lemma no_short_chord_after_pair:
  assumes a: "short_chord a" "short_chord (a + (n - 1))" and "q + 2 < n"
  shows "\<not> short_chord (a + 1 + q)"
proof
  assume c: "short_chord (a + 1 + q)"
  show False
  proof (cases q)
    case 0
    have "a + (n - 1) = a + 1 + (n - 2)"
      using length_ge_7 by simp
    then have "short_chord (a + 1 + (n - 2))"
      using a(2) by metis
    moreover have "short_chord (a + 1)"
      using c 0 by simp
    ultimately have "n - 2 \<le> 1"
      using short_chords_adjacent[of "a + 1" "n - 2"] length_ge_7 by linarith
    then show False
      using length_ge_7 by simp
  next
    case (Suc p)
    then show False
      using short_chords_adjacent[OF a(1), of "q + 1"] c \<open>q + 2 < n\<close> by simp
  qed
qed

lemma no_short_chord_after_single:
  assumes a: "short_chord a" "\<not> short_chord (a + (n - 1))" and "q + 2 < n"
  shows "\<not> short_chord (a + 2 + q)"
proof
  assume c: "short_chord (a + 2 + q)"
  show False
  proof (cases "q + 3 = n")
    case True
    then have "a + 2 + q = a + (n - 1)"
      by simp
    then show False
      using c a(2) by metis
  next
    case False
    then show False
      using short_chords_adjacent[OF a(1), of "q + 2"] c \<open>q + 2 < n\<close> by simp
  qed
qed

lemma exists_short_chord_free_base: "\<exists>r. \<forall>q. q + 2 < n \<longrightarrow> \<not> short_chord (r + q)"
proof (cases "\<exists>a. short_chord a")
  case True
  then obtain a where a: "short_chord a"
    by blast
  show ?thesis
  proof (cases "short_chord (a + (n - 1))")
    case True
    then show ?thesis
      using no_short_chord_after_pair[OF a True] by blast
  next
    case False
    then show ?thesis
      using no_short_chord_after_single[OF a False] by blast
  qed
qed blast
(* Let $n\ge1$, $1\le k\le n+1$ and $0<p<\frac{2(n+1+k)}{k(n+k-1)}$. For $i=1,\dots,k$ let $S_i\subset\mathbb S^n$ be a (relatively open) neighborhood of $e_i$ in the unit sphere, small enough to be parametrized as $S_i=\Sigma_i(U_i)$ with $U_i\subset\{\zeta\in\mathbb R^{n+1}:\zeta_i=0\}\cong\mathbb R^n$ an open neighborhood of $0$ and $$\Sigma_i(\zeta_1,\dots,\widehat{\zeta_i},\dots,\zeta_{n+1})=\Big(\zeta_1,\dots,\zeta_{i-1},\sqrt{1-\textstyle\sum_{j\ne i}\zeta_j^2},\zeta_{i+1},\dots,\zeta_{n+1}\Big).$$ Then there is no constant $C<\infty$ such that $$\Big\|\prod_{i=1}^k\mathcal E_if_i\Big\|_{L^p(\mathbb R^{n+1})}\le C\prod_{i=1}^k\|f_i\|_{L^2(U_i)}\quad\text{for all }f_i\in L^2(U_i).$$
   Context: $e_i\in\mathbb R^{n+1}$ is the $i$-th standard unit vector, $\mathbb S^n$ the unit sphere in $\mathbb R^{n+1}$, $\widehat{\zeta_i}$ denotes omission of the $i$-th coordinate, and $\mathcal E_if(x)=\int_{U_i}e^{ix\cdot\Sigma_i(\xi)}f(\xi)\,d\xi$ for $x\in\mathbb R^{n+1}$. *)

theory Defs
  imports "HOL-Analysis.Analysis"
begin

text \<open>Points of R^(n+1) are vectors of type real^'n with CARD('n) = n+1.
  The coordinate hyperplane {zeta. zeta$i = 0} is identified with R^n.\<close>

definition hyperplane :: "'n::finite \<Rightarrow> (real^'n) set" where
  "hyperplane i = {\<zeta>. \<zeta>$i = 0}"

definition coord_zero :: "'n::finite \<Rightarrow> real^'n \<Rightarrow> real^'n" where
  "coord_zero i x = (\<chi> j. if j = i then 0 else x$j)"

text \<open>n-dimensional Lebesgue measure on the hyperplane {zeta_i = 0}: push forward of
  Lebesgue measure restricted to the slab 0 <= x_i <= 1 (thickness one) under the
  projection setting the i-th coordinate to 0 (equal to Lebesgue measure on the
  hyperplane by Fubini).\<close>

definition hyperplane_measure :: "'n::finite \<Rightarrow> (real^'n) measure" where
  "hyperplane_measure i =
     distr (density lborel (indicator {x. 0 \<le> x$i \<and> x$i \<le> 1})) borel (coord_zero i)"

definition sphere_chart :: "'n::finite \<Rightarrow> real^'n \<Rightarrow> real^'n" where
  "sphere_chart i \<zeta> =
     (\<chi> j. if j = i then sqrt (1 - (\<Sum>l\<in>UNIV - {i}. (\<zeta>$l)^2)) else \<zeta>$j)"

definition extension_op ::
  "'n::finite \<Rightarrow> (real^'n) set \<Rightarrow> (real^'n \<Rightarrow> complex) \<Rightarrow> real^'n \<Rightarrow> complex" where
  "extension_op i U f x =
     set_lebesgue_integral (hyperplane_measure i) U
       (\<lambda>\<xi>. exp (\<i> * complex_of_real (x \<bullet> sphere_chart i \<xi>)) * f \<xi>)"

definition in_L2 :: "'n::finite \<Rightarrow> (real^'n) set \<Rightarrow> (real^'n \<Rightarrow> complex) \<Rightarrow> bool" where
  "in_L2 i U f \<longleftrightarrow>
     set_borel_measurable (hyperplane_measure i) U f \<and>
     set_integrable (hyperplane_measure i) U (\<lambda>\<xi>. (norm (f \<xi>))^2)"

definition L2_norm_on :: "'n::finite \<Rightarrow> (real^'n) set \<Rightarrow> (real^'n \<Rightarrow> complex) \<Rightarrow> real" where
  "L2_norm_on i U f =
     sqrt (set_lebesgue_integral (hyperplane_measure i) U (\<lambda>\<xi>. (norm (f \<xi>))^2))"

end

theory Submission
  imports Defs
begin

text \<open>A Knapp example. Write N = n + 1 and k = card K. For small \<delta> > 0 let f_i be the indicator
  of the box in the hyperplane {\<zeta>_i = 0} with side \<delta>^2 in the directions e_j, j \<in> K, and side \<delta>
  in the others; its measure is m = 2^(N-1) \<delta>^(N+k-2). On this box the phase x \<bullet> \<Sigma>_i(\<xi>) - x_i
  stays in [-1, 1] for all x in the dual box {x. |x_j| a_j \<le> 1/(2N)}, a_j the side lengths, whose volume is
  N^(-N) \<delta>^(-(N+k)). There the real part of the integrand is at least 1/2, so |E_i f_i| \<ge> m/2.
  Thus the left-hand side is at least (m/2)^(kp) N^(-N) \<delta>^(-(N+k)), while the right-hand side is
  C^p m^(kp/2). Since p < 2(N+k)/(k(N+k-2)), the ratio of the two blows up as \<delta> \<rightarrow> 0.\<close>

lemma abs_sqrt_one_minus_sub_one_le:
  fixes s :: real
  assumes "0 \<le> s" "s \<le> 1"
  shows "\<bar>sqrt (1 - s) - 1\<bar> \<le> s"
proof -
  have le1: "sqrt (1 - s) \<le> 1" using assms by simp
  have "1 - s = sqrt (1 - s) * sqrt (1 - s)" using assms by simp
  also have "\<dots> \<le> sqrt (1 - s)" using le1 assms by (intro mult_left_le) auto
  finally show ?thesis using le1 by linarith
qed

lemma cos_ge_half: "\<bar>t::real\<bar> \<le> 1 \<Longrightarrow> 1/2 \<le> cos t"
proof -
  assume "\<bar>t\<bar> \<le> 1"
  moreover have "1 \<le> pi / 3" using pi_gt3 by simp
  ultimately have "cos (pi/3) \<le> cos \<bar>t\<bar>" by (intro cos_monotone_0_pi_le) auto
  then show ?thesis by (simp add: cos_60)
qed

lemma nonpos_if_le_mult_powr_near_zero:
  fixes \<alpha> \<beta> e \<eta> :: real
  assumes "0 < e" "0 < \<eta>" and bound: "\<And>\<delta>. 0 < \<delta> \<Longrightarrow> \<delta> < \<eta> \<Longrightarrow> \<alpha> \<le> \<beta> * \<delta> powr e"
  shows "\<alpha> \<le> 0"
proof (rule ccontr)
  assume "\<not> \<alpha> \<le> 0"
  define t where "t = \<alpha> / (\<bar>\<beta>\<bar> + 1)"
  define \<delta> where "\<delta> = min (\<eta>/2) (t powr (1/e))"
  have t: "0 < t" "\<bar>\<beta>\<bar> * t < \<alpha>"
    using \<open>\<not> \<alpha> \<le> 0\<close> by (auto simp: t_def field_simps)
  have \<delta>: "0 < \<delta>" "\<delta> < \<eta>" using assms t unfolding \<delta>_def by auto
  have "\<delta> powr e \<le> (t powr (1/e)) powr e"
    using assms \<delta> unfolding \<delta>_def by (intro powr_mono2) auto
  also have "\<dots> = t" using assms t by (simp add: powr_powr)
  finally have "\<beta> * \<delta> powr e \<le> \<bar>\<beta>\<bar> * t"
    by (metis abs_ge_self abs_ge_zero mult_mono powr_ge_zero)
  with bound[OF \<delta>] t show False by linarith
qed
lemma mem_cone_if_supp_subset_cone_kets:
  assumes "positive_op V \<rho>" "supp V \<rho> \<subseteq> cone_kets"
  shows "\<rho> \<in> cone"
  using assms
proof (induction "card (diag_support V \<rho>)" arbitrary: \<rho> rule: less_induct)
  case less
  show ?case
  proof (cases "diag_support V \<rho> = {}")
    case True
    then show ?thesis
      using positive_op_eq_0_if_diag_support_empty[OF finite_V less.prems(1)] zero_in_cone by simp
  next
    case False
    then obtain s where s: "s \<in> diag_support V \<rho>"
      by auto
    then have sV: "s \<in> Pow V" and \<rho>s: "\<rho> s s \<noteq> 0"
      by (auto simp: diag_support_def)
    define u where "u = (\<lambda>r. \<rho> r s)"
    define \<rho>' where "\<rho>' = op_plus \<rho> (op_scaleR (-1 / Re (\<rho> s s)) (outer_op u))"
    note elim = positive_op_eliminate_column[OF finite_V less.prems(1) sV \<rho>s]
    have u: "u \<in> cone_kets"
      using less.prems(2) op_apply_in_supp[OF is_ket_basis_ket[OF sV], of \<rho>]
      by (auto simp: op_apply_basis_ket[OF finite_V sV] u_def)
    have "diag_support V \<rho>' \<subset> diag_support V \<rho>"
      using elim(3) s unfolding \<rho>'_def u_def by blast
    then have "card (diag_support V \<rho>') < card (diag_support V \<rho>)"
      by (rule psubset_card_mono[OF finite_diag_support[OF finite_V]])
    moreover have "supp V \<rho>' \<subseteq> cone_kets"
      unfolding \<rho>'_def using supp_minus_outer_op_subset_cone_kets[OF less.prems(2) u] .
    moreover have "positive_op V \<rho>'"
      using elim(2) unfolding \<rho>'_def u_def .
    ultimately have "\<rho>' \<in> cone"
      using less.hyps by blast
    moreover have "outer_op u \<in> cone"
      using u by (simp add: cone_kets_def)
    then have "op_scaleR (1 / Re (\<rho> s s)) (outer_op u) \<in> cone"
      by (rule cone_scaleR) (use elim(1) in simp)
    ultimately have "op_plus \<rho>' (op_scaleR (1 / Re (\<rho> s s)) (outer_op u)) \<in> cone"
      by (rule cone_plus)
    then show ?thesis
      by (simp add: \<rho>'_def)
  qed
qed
• • • • • • •
Lines of the listing above that hold the string "lemma" should each be copied.

§ **Answer for the task**
lemma no_short_chord_after_pair:
lemma no_short_chord_after_single:
lemma exists_short_chord_free_base: "\<exists>r. \<forall>q. q + 2 < n \<longrightarrow> \<not> short_chord (r + q)"
lemma abs_sqrt_one_minus_sub_one_le:
lemma cos_ge_half: "\<bar>t::real\<bar> \<le> 1 \<Longrightarrow> 1/2 \<le> cos t"
lemma nonpos_if_le_mult_powr_near_zero:
lemma mem_cone_if_supp_subset_cone_kets:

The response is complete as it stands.